Find every line below where the string "forall" shows up, and copy those lines.

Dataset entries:
- - -

(* Under Assumption 1, for every bounded continuous $f:\mathcal P(\mathbb R^d)\to\mathbb R$ the function $$Pf(\pi,Q)=\int f(\pi')\,P(d\pi'\mid\pi,Q)=\sum_{m=1}^M f\big(\hat\pi(m,\pi,Q)\big)\,\pi(Q^{-1}(m))$$ is continuous on $\mathcal S\times\mathcal Q_c$; i.e., the belief transition kernel is weak-Feller on $\mathcal S\times\mathcal Q_c$.
   Context: Assumption 1: the source is $x_{t+1}=f(x_t,w_t)$ with Borel $f$, $\{w_t\}$ i.i.d. and independent of $x_0$; for each $x$ the law of $f(x,w_0)$ has a density $\phi(\cdot|x)$ which is strictly positive everywhere, bounded by $C$ and $C_1$-Lipschitz, uniformly in $x$. $\mathcal P(\mathbb R^d)$ has the weak topology. $\mathcal S$: probability measures on $\mathbb R^d$ with density bounded by $C$ and $C_1$-Lipschitz. $\mathcal Q_c$: Borel maps $Q:\mathbb R^d\to\{1,\dots,M\}$ with all cells convex, topologized by: fix $P$ with strictly positive density, identify $Q,Q'$ if $PQ=PQ'$, and $Q_n\to Q$ iff $PQ_n\to PQ$ weakly, where $PQ(A\times\{i\})=P(A\cap Q^{-1}(i))$. $P(d\pi'\mid\pi,Q)$ is the law of the next belief $\pi_{t+1}=\hat\pi(q_t,\pi,Q)$ given $\pi_t=\pi$, $Q_t=Q$, where $P(q_t=m\mid\pi,Q)=\pi(Q^{-1}(m))$ and $\hat\pi(m,\pi,Q)$ has density $z\mapsto\pi(Q^{-1}(m))^{-1}\int_{Q^{-1}(m)}\phi(z|x)\pi(dx)$ (terms with $\pi(Q^{-1}(m))=0$ contribute zero). *)

theory Defs
  imports "HOL-Probability.Probability"
begin
definition H_path :: "int list \<Rightarrow> ('s::finite list \<Rightarrow> 's \<Rightarrow> complex) \<Rightarrow> ('s list \<times> 's list) list \<Rightarrow> bool" where
  "H_path N \<delta> p \<longleftrightarrow> p \<noteq> [] \<and>
     (\<forall>i. i + 1 < length p \<longrightarrow> H_edge N \<delta> (p ! i) (p ! (i + 1)))"

definition q_cycle :: "'s::finite \<Rightarrow> int list \<Rightarrow> ('s list \<Rightarrow> 's \<Rightarrow> complex) \<Rightarrow> ('s list \<times> 's list) list \<Rightarrow> bool" where
  "q_cycle q N \<delta> p \<longleftrightarrow> H_path N \<delta> p \<and> length p \<ge> 2 \<and>
     hd p = (replicate (length N - 1) q, replicate (length N - 1) q) \<and> last p = hd p"

end

theory Submission
  imports Defs
begin

text \<open>For configurations \<open>c, c'\<close> all but finitely many cells see the quiescent
  neighbourhood in both, where \<open>\<delta>\<close> is the unit vector at \<open>q\<close>. Hence the inner product of
  the columns of \<open>c\<close> and \<open>c'\<close> is the finite product over the cells \<open>i\<close> of the local inner
  products \<open>\<langle>\<delta>(c\<^sub>i\<^sub>+\<^sub>N), \<delta>(c'\<^sub>i\<^sub>+\<^sub>N)\<rangle>\<close>. For a simple neighbourhood the factor at a cell is
  nonzero exactly when the pairs of \<open>(r-1)\<close>-windows of \<open>c, c'\<close> at two adjacent
  positions form an edge of \<open>H\<^sub>A\<close>. So the two columns are non-orthogonal iff the window
  pairs form a bi-infinite walk in \<open>H\<^sub>A\<close>. Such a walk stays at \<open>(q\<^sup>r\<^sup>-\<^sup>1, q\<^sup>r\<^sup>-\<^sup>1)\<close> outside a
  finite interval, so it is a \<open>q\<close>-cycle padded by the loop at that vertex, and conversely
  every padded \<open>q\<close>-cycle is the walk of the configurations read off from the first
  letters of its vertices. Under this correspondence \<open>c \<noteq> c'\<close> means \<open>p\<^sub>1 \<noteq> p\<^sub>2\<close>.\<close>

lemma sum_prod_fixed_outside:
  fixes g :: "'i \<Rightarrow> 's::finite \<Rightarrow> 'a::comm_semiring_1"
  assumes I: "finite I"
  shows "(\<Sum>d\<in>{d. \<forall>i. i \<notin> I \<longrightarrow> d i = q}. \<Prod>i\<in>I. g i (d i)) = (\<Prod>i\<in>I. \<Sum>x\<in>UNIV. g i x)"
proof -
  let ?D = "{d. \<forall>i. i \<notin> I \<longrightarrow> d i = q}"
  have "bij_betw (\<lambda>d. restrict d I) ?D (PiE I (\<lambda>_. UNIV))"
  proof (rule bij_betw_imageI)
    show "inj_on (\<lambda>d. restrict d I) ?D"
    proof (rule inj_onI)
      fix d d' assume d: "d \<in> ?D" and d': "d' \<in> ?D" and eq: "restrict d I = restrict d' I"
      show "d = d'"
      proof
        fix i show "d i = d' i"
        proof (cases "i \<in> I")
          case True
          then show ?thesis using fun_cong[OF eq, of i] by simp
        qed (use d d' in simp)
      qed
    qed
    show "(\<lambda>d. restrict d I) ` ?D = PiE I (\<lambda>_. UNIV)"
    proof (intro equalityI subsetI)
      fix e :: "'i \<Rightarrow> 's" assume e: "e \<in> PiE I (\<lambda>_. UNIV)"
      show "e \<in> (\<lambda>d. restrict d I) ` ?D"
      proof (rule image_eqI)
        show "e = restrict (\<lambda>i. if i \<in> I then e i else q) I"
          using e by (auto simp: PiE_iff extensional_def)
      qed simp
    qed auto
  qed
  then have "(\<Sum>d\<in>?D. \<Prod>i\<in>I. g i (restrict d I i)) = (\<Sum>e\<in>PiE I (\<lambda>_. UNIV). \<Prod>i\<in>I. g i (e i))"
    by (rule sum.reindex_bij_betw)
  also have "\<dots> = (\<Prod>i\<in>I. \<Sum>x\<in>UNIV. g i x)"
    by (rule prod_sum_PiE[symmetric]) (use I in auto)
  finally show ?thesis by simp
qed

lemma Prod_any_fixed_outside:
  fixes f :: "'i \<Rightarrow> 's \<Rightarrow> 'a::comm_semiring_1"
  assumes I: "finite I" and f: "\<And>i x. i \<notin> I \<Longrightarrow> f i x = (if x = q then 1 else 0)"
    and d: "finite {i. d i \<noteq> q}"
  shows "Prod_any (\<lambda>i. f i (d i)) = (if \<forall>i. i \<notin> I \<longrightarrow> d i = q then \<Prod>i\<in>I. f i (d i) else 0)"
proof -
  let ?T = "I \<union> {i. d i \<noteq> q}"
  have T: "finite ?T" using I d by simp
  have "Prod_any (\<lambda>i. f i (d i)) = (\<Prod>i\<in>?T. f i (d i))"
    by (rule Prod_any.expand_superset[OF T]) (use f in auto)
  moreover have "?T = I" if "\<forall>i. i \<notin> I \<longrightarrow> d i = q" using that by auto
  moreover have "(\<Prod>i\<in>?T. f i (d i)) = 0" if "i \<notin> I" "d i \<noteq> q" for i
    using that f T by (metis (mono_tags) UnI2 mem_Collect_eq prod_zero)
  ultimately show ?thesis by auto
qed
lemma emeasure_lattice_boxes_le:
  fixes y :: "real ^ 'n::finite"
  assumes r: "0 \<le> r" and m: "m > 0"
  shows "emeasure lborel (\<Union>j\<in>lattice_indices y m. lattice_box y m r j) \<le> ennreal ((6 * r) ^ CARD('n))"
proof -
  have "emeasure lborel (\<Union>j\<in>lattice_indices y m. lattice_box y m r j)
          \<le> (\<Sum>j\<in>lattice_indices y m. emeasure lborel (lattice_box y m r j))"
    by (rule emeasure_subadditive_finite) (auto simp: finite_lattice_indices lattice_box_sets)
  also have "\<dots> = ennreal (((real m + 2) * (2 * r / m)) ^ CARD('n))"
    using r by (simp add: emeasure_lattice_box card_lattice_indices ennreal_of_nat_eq_real_of_nat
                  add.commute flip: ennreal_mult power_mult_distrib)
  also have "\<dots> \<le> ennreal ((6 * r) ^ CARD('n))"
  proof (intro ennreal_leI power_mono)
    have "(real m + 2) * (2 * r / m) = 2 * r + 4 * r / m"
      using m by (simp add: field_simps)
    also have "\<dots> \<le> 6 * r"
      using m r by (simp add: field_simps mult_le_cancel_left1)
    finally show "(real m + 2) * (2 * r / m) \<le> 6 * r" .
  qed (use r in simp)
  finally show ?thesis .
qed

definition dyadic_cover :: "real ^ 'n::finite \<Rightarrow> real \<Rightarrow> nat \<Rightarrow> (real ^ 'n) set" where
  "dyadic_cover y \<epsilon> k =
     (\<Union>m\<in>{1..(2::nat) ^ k}. \<Union>j\<in>lattice_indices y m. lattice_box y m (root CARD('n) (\<epsilon> / 2 ^ k)) j)"

lemma dyadic_cover_sets [measurable]: "dyadic_cover y \<epsilon> k \<in> sets lborel"
  unfolding dyadic_cover_def by (auto intro!: finite_lattice_indices lattice_box_sets)

lemma emeasure_dyadic_cover_le:
  fixes y :: "real ^ 'n::finite"
  assumes "0 \<le> \<epsilon>"
  shows "emeasure lborel (dyadic_cover y \<epsilon> k) \<le> ennreal (6 ^ CARD('n) * \<epsilon>)"
proof -
  define r where "r = root CARD('n) (\<epsilon> / 2 ^ k)"
  have r: "0 \<le> r" "r ^ CARD('n) = \<epsilon> / 2 ^ k"
    unfolding r_def using assms by (auto simp: real_root_ge_zero)
  have "emeasure lborel (dyadic_cover y \<epsilon> k)
          \<le> (\<Sum>m\<in>{1..(2::nat) ^ k}. emeasure lborel (\<Union>j\<in>lattice_indices y m. lattice_box y m r j))"
    unfolding dyadic_cover_def r_def[symmetric]
    by (rule emeasure_subadditive_finite) (auto intro!: finite_lattice_indices lattice_box_sets)
  also have "\<dots> \<le> (\<Sum>m\<in>{1..(2::nat) ^ k}. ennreal ((6 * r) ^ CARD('n)))"
    by (intro sum_mono emeasure_lattice_boxes_le r) auto
  also have "\<dots> = ennreal (\<Sum>m\<in>{1..(2::nat) ^ k}. (6 * r) ^ CARD('n))"
    using r assms by (subst sum_ennreal) auto
  also have "(\<Sum>m\<in>{1..(2::nat) ^ k}. (6 * r) ^ CARD('n)) = 6 ^ CARD('n) * \<epsilon>"
    using r by (simp add: power_mult_distrib)
  finally show ?thesis .
qed

definition dyadic_scale :: "nat set \<Rightarrow> nat \<Rightarrow> nat" where
  "dyadic_scale K n = (LEAST k. k \<in> K \<and> n \<le> 2 ^ k)"

lemma dyadic_scale_spec:
  assumes "infinite K"
  shows "dyadic_scale K n \<in> K" "n \<le> 2 ^ dyadic_scale K n"
proof -
  obtain k where "k \<ge> n" "k \<in> K"
    using assms by (auto simp: infinite_nat_iff_unbounded_le)
  moreover have "k < 2 ^ k" by (rule less_exp)
  ultimately have "\<exists>k. k \<in> K \<and> n \<le> 2 ^ k" by (metis le_trans less_imp_le_nat)
  then show "dyadic_scale K n \<in> K" "n \<le> 2 ^ dyadic_scale K n"
    unfolding dyadic_scale_def by (metis (mono_tags, lifting) LeastI_ex)+
qed

lemma dyadic_scale_le: "k \<in> K \<Longrightarrow> n \<le> 2 ^ k \<Longrightarrow> dyadic_scale K n \<le> k"
  unfolding dyadic_scale_def by (rule Least_le) simp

- - -

--- TASK ANSWER ---
     (\<forall>i. i + 1 < length p \<longrightarrow> H_edge N \<delta> (p ! i) (p ! (i + 1)))"
  shows "(\<Sum>d\<in>{d. \<forall>i. i \<notin> I \<longrightarrow> d i = q}. \<Prod>i\<in>I. g i (d i)) = (\<Prod>i\<in>I. \<Sum>x\<in>UNIV. g i x)"
  let ?D = "{d. \<forall>i. i \<notin> I \<longrightarrow> d i = q}"
  shows "Prod_any (\<lambda>i. f i (d i)) = (if \<forall>i. i \<notin> I \<longrightarrow> d i = q then \<Prod>i\<in>I. f i (d i) else 0)"
  moreover have "?T = I" if "\<forall>i. i \<notin> I \<longrightarrow> d i = q" using that by auto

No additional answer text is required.